Bug 642993 – Use culture-dependent code page rather than Latin1

After an evaluation, GNOME has moved from Bugzilla to GitLab. Learn more about GitLab.
No new issues can be reported in GNOME Bugzilla anymore.
To report an issue in a GNOME project, go to GNOME GitLab.
Do not go to GNOME Gitlab for: Bluefish, Doxygen, GnuCash, GStreamer, java-gnome, LDTP, NetworkManager, Tomboy.

Bug 642993 - Use culture-dependent code page rather than Latin1


Summary:	Use culture-dependent code page rather than Latin1


Status:	RESOLVED WONTFIX

Product:	taglib-sharp
Classification:	Other
Component:	General
Version:	unspecified
Hardware:	Other All

Importance:	Normal normal
Target Milestone:	---
Assigned To:	taglib-sharp-maint
QA Contact:	taglib-sharp-maint

URL:
Whiteboard:

Duplicates:	645486 649435 (view as bug list)
Depends on:
Blocks:

Reported:	2011-02-22 20:00 UTC by Atsushi Eno
Modified:	2018-08-17 19:49 UTC

See Also:
GNOME target:	---
GNOME version:	---

Attachments
Proposed fix (631 bytes, patch) 2011-02-22 20:00 UTC, Atsushi Eno	rejected	Details \| Review

Description Atsushi Eno 2011-02-22 20:00:20 UTC

Created attachment 181629 [details] [review]
Proposed fix

taglib-sharp (specifically ByteVector) has an incorrect assumption that old non-UTF8 tags are all in Latin1. They are actually undefined and most likely platform-language-specific encoding. For example, it is Shift_JIS in Japanese Windows.
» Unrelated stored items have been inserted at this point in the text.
(* Let $(A,R)$ be a relationally complete cartesian discrete combinatory object, with meet $\wedge:A\times A\to A$, top element $\top\in A$, and generic function $@\in R$ (a partial function). Define the partial application $a\cdot b=@(a\wedge b)$ (associating to the left) and $A_\#=\{a\in A\mid\{(\top,a)\}\in R\}$. Then: (i) for every polynomial $p[x_1,\dots,x_n]$ over $(A,\cdot)$ with coefficients in $A_\#$, the partial function $A^n\rightharpoonup A$, $\vec a\mapsto p[\vec a]$, is in $R^{(n)}$; (ii) for all $n\in\mathbb{N}$ and $r\in R^{(n+1)}$ there is $e\in A_\#$ such that for all $a_1,\dots,a_n,b\in A$: $e\cdot a_1\cdots a_n$ is defined, and whenever $r(a_1,\dots,a_n,b)$ is defined, $e\cdot a_1\cdots a_n\cdot b$ is defined and equal to $r(a_1,\dots,a_n,b)$; (iii) $(A,\cdot,A_\#)$ is a weak relative PCA, and the uniform preorder structure on $A$ consisting of all relations contained in some partial function $(e\cdot -):A\rightharpoonup A$ with $e\in A_\#$ is equal to $R$.
   Context: A uniform preorder is a pair $(A,R)$ with $A$ a set and $R\subseteq P(A\times A)$ such that $\mathrm{id}_A\in R$, $s\circ r\in R$ whenever $r,s\in R$, and $s\in R$ whenever $r\in R$ and $s\subseteq r$; it is a discrete combinatory object (DCO) if every $r\in R$ is single-valued. Monotone maps $f:(A,R)\to(B,S)$: functions with $\{(fa,fa')\mid(a,a')\in r\}\in S$ for $r\in R$, ordered by $f\le g$ iff $\{(fa,ga)\}\in S$; finite 2-products: terminal singleton, product $(A\times B,R\otimes S)$ with $R\otimes S$ the relations contained in some $r\times s$. $(A,R)$ is cartesian if the terminal projection and diagonal have right adjoints $\top:1\to A$ and $\wedge:A\times A\to A$ (adjunction $f\dashv g$: $\mathrm{id}\le gf$, $fg\le\mathrm{id}$). A cartesian $(A,R)$ is relationally complete if there is $@\in R$ such that for every $r\in R$ there is a total function $\tilde r$ with graph in $R$ satisfying: $(a\wedge b,c)\in r$ implies $(\tilde r(a)\wedge b,c)\in @$ for all $a,b,c$. Define $\wedge^{(0)}(\ast)=\top$ and $\wedge^{(n+1)}(\vec a,b)=\wedge^{(n)}(\vec a)\wedge b$, and $R^{(n)}=\{r\subseteq A^n\times A\mid \exists s\in R.\ r=s\circ\wedge^{(n)}\}$. A polynomial over $(A,\cdot)$ is a term built from variables, constants in $A$ and application; $p[\vec a]$ is its possibly undefined value. A weak relative PCA is a triple $(A,\cdot,A_\#)$ with $\cdot:A\times A\rightharpoonup A$ a partial binary operation and $A_\#\subseteq A$ closed under application (whenever defined) and containing elements $\mathsf{k},\mathsf{s}$ such that for all $a,b,c\in A$: $\mathsf{k}\cdot a\cdot b$ is defined and equals $a$; $\mathsf{s}\cdot a\cdot b$ is defined; and if $a\cdot c\cdot(b\cdot c)$ is defined then $\mathsf{s}\cdot a\cdot b\cdot c$ is defined and equals it. *)

theory Defs
  imports Main
begin

definition uniform_preorder :: "'a set \<Rightarrow> ('a \<times> 'a) set set \<Rightarrow> bool" where
  "uniform_preorder A R \<longleftrightarrow>
     R \<subseteq> Pow (A \<times> A) \<and> Id_on A \<in> R \<and>
     (\<forall>r\<in>R. \<forall>s\<in>R. r O s \<in> R) \<and>
     (\<forall>r\<in>R. \<forall>s. s \<subseteq> r \<longrightarrow> s \<in> R)"

definition DCO :: "'a set \<Rightarrow> ('a \<times> 'a) set set \<Rightarrow> bool" where
  "DCO A R \<longleftrightarrow> uniform_preorder A R \<and> (\<forall>r\<in>R. single_valued r)"

definition mono_map :: "'a set \<Rightarrow> ('a \<times> 'a) set set \<Rightarrow> 'b set \<Rightarrow> ('b \<times> 'b) set set
    \<Rightarrow> ('a \<Rightarrow> 'b) \<Rightarrow> bool" where
  "mono_map A R B S f \<longleftrightarrow> (\<forall>a\<in>A. f a \<in> B) \<and>
     (\<forall>r\<in>R. {(f a, f a') | a a'. (a, a') \<in> r} \<in> S)"

definition map_le :: "'a set \<Rightarrow> ('b \<times> 'b) set set \<Rightarrow> ('a \<Rightarrow> 'b) \<Rightarrow> ('a \<Rightarrow> 'b) \<Rightarrow> bool" where
  "map_le A S f g \<longleftrightarrow> {(f a, g a) | a. a \<in> A} \<in> S"

definition adjunction :: "'a set \<Rightarrow> ('a \<times> 'a) set set \<Rightarrow> 'b set \<Rightarrow> ('b \<times> 'b) set set
    \<Rightarrow> ('a \<Rightarrow> 'b) \<Rightarrow> ('b \<Rightarrow> 'a) \<Rightarrow> bool" where
  "adjunction A R B S f g \<longleftrightarrow> mono_map A R B S f \<and> mono_map B S A R g \<and>
     map_le A R id (g \<circ> f) \<and> map_le B S (f \<circ> g) id"

definition terminal_R :: "(unit \<times> unit) set set" where
  "terminal_R = Pow UNIV"

definition relprod :: "('a \<times> 'a) set \<Rightarrow> ('b \<times> 'b) set \<Rightarrow> (('a \<times> 'b) \<times> ('a \<times> 'b)) set" where
  "relprod r s = {((a, b), (a', b')) | a b a' b'. (a, a') \<in> r \<and> (b, b') \<in> s}"

definition tensor :: "('a \<times> 'a) set set \<Rightarrow> ('b \<times> 'b) set set \<Rightarrow> (('a \<times> 'b) \<times> ('a \<times> 'b)) set set" where
  "tensor R S = {t. \<exists>r\<in>R. \<exists>s\<in>S. t \<subseteq> relprod r s}"

text \<open>Cartesian: the terminal projection has right adjoint \<tp> (an element tp),
  and the diagonal has right adjoint the meet.\<close>
definition cartesian :: "'a set \<Rightarrow> ('a \<times> 'a) set set \<Rightarrow> 'a \<Rightarrow> ('a \<Rightarrow> 'a \<Rightarrow> 'a) \<Rightarrow> bool" where
  "cartesian A R tp meet \<longleftrightarrow>
     adjunction A R (UNIV :: unit set) terminal_R (\<lambda>_. ()) (\<lambda>_. tp) \<and>
     adjunction A R (A \<times> A) (tensor R R) (\<lambda>a. (a, a)) (\<lambda>(a, b). meet a b)"

definition rel_complete_with ::
    "'a set \<Rightarrow> ('a \<times> 'a) set set \<Rightarrow> ('a \<Rightarrow> 'a \<Rightarrow> 'a) \<Rightarrow> ('a \<times> 'a) set \<Rightarrow> bool" where
  "rel_complete_with A R meet app \<longleftrightarrow> app \<in> R \<and>
     (\<forall>r\<in>R. \<exists>rt. (\<forall>a\<in>A. rt a \<in> A) \<and> {(a, rt a) | a. a \<in> A} \<in> R \<and>
        (\<forall>a\<in>A. \<forall>b\<in>A. \<forall>c\<in>A. (meet a b, c) \<in> r \<longrightarrow> (meet (rt a) b, c) \<in> app))"

text \<open>Elements of A^n are lists of length n over A;
  \<open>meet_n [] = tp\<close>, \<open>meet_n (as @ [b]) = meet (meet_n as) b\<close>.\<close>
definition meet_n :: "'a \<Rightarrow> ('a \<Rightarrow> 'a \<Rightarrow> 'a) \<Rightarrow> 'a list \<Rightarrow> 'a" where
  "meet_n tp meet xs = foldl meet tp xs"

definition Rn :: "'a set \<Rightarrow> ('a \<times> 'a) set set \<Rightarrow> 'a \<Rightarrow> ('a \<Rightarrow> 'a \<Rightarrow> 'a) \<Rightarrow> nat
    \<Rightarrow> ('a list \<times> 'a) set set" where
  "Rn A R tp meet n = {r. \<exists>s\<in>R.
     r = {(v, c). v \<in> lists A \<and> length v = n \<and> (meet_n tp meet v, c) \<in> s}}"

text \<open>a \<cdot> b = @(a \<and> b), as a partial function (app is single-valued).\<close>
definition pap :: "('a \<Rightarrow> 'a \<Rightarrow> 'a) \<Rightarrow> ('a \<times> 'a) set \<Rightarrow> 'a \<Rightarrow> 'a \<Rightarrow> 'a option" where
  "pap meet app a b =
     (if \<exists>c. (meet a b, c) \<in> app then Some (THE c. (meet a b, c) \<in> app) else None)"

definition sharp :: "'a set \<Rightarrow> ('a \<times> 'a) set set \<Rightarrow> 'a \<Rightarrow> 'a set" where
  "sharp A R tp = {a \<in> A. {(tp, a)} \<in> R}"

fun apps :: "('a \<Rightarrow> 'a \<Rightarrow> 'a option) \<Rightarrow> 'a \<Rightarrow> 'a list \<Rightarrow> 'a option" where
  "apps ap e [] = Some e"
| "apps ap e (a # as) = Option.bind (ap e a) (\<lambda>x. apps ap x as)"

text \<open>Polynomials: variables x_i (indexed from 0), constants, application.\<close>
datatype 'a pterm = Var nat | Const 'a | App "'a pterm" "'a pterm"

fun peval :: "('a \<Rightarrow> 'a \<Rightarrow> 'a option) \<Rightarrow> 'a list \<Rightarrow> 'a pterm \<Rightarrow> 'a option" where
  "peval ap v (Var i) = Some (v ! i)"
| "peval ap v (Const c) = Some c"
| "peval ap v (App p q) = Option.bind (peval ap v p) (\<lambda>x. Option.bind (peval ap v q) (\<lambda>y. ap x y))"

fun pvars :: "'a pterm \<Rightarrow> nat set" where
  "pvars (Var i) = {i}"
| "pvars (Const c) = {}"
| "pvars (App p q) = pvars p \<union> pvars q"

fun pconsts :: "'a pterm \<Rightarrow> 'a set" where
  "pconsts (Var i) = {}"
| "pconsts (Const c) = {c}"
| "pconsts (App p q) = pconsts p \<union> pconsts q"

definition weak_rpca :: "'a set \<Rightarrow> ('a \<Rightarrow> 'a \<Rightarrow> 'a option) \<Rightarrow> 'a set \<Rightarrow> bool" where
  "weak_rpca A ap Ash \<longleftrightarrow>
     (\<forall>a\<in>A. \<forall>b\<in>A. \<forall>c. ap a b = Some c \<longrightarrow> c \<in> A) \<and>
     Ash \<subseteq> A \<and>
     (\<forall>a\<in>Ash. \<forall>b\<in>Ash. \<forall>c. ap a b = Some c \<longrightarrow> c \<in> Ash) \<and>
     (\<exists>k\<in>Ash. \<exists>s\<in>Ash. \<forall>a\<in>A. \<forall>b\<in>A. \<forall>c\<in>A.
        apps ap k [a, b] = Some a \<and>
        apps ap s [a, b] \<noteq> None \<and>
        (\<forall>d. Option.bind (ap a c) (\<lambda>x. Option.bind (ap b c) (\<lambda>y. ap x y)) = Some d
              \<longrightarrow> apps ap s [a, b, c] = Some d))"

end

theory Submission
  imports Defs
begin

text \<open>The adjunction diagonal \<open>\<turnstile>\<close> meet makes the meet a pairing of relations in R,
  with projections in R; single-valuedness of the projections makes iterated meets injective,
  so relations on tuples can be read off relations on their meets. A polynomial then denotes
  a relation in R by induction on the term: pair the denotations of the two subterms and
  compose with app. Conversely, relational completeness curries: applying it to a relation
  \<open>s\<close> gives a total \<open>rt\<close> whose graph lies in R, and a realizer of that graph with n
  arguments is a realizer of \<open>s\<close> with n + 1 arguments; realizers of graphs of total \<open>f\<close>
  arise by the same step, by induction on n from the element \<open>f \<top>\<close>. K and S are the realizers of the polynomials \<open>x\<^sub>0\<close> and
  \<open>x\<^sub>0 x\<^sub>2 (x\<^sub>1 x\<^sub>2)\<close>; every \<open>r \<in> R\<close> is realized by the curried form of
  \<open>\<pi>\<^sub>2 ; r\<close>, and every realized relation factors through \<open>\<langle>const e, id\<rangle> ; app\<close>.\<close>

lemma apps_snoc: "apps ap e (xs @ [y]) = Option.bind (apps ap e xs) (\<lambda>x. ap x y)"
  by (induction xs arbitrary: e) (auto split: Option.bind_split)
And this Latin1 assumption brings wrong results for my MP3s.

To use most-likely-correct encoding, I replaced Encoding.GetEncoding ("latin1") with Encoding.GetEncoding (CultureInfo.CurrentCulture.TextInfo.ANSICodePage) in the attached fix.

Comment 1 Alexander Kojevnikov 2011-02-24 14:37:42 UTC

Review of attachment 181629 [details] [review]:

That's what UseBrokenLatin1Behavior is for, set it to true to have this behaviour.

I'm against turning it on by default as your patch effectively does. Tags must specify the correct encoding if they need non-latin1 characters.

Comment 2 Alexander Kojevnikov 2011-02-24 14:40:37 UTC

Closing as WONTFIX, but feel free to re-open if I misunderstood the bug's intent.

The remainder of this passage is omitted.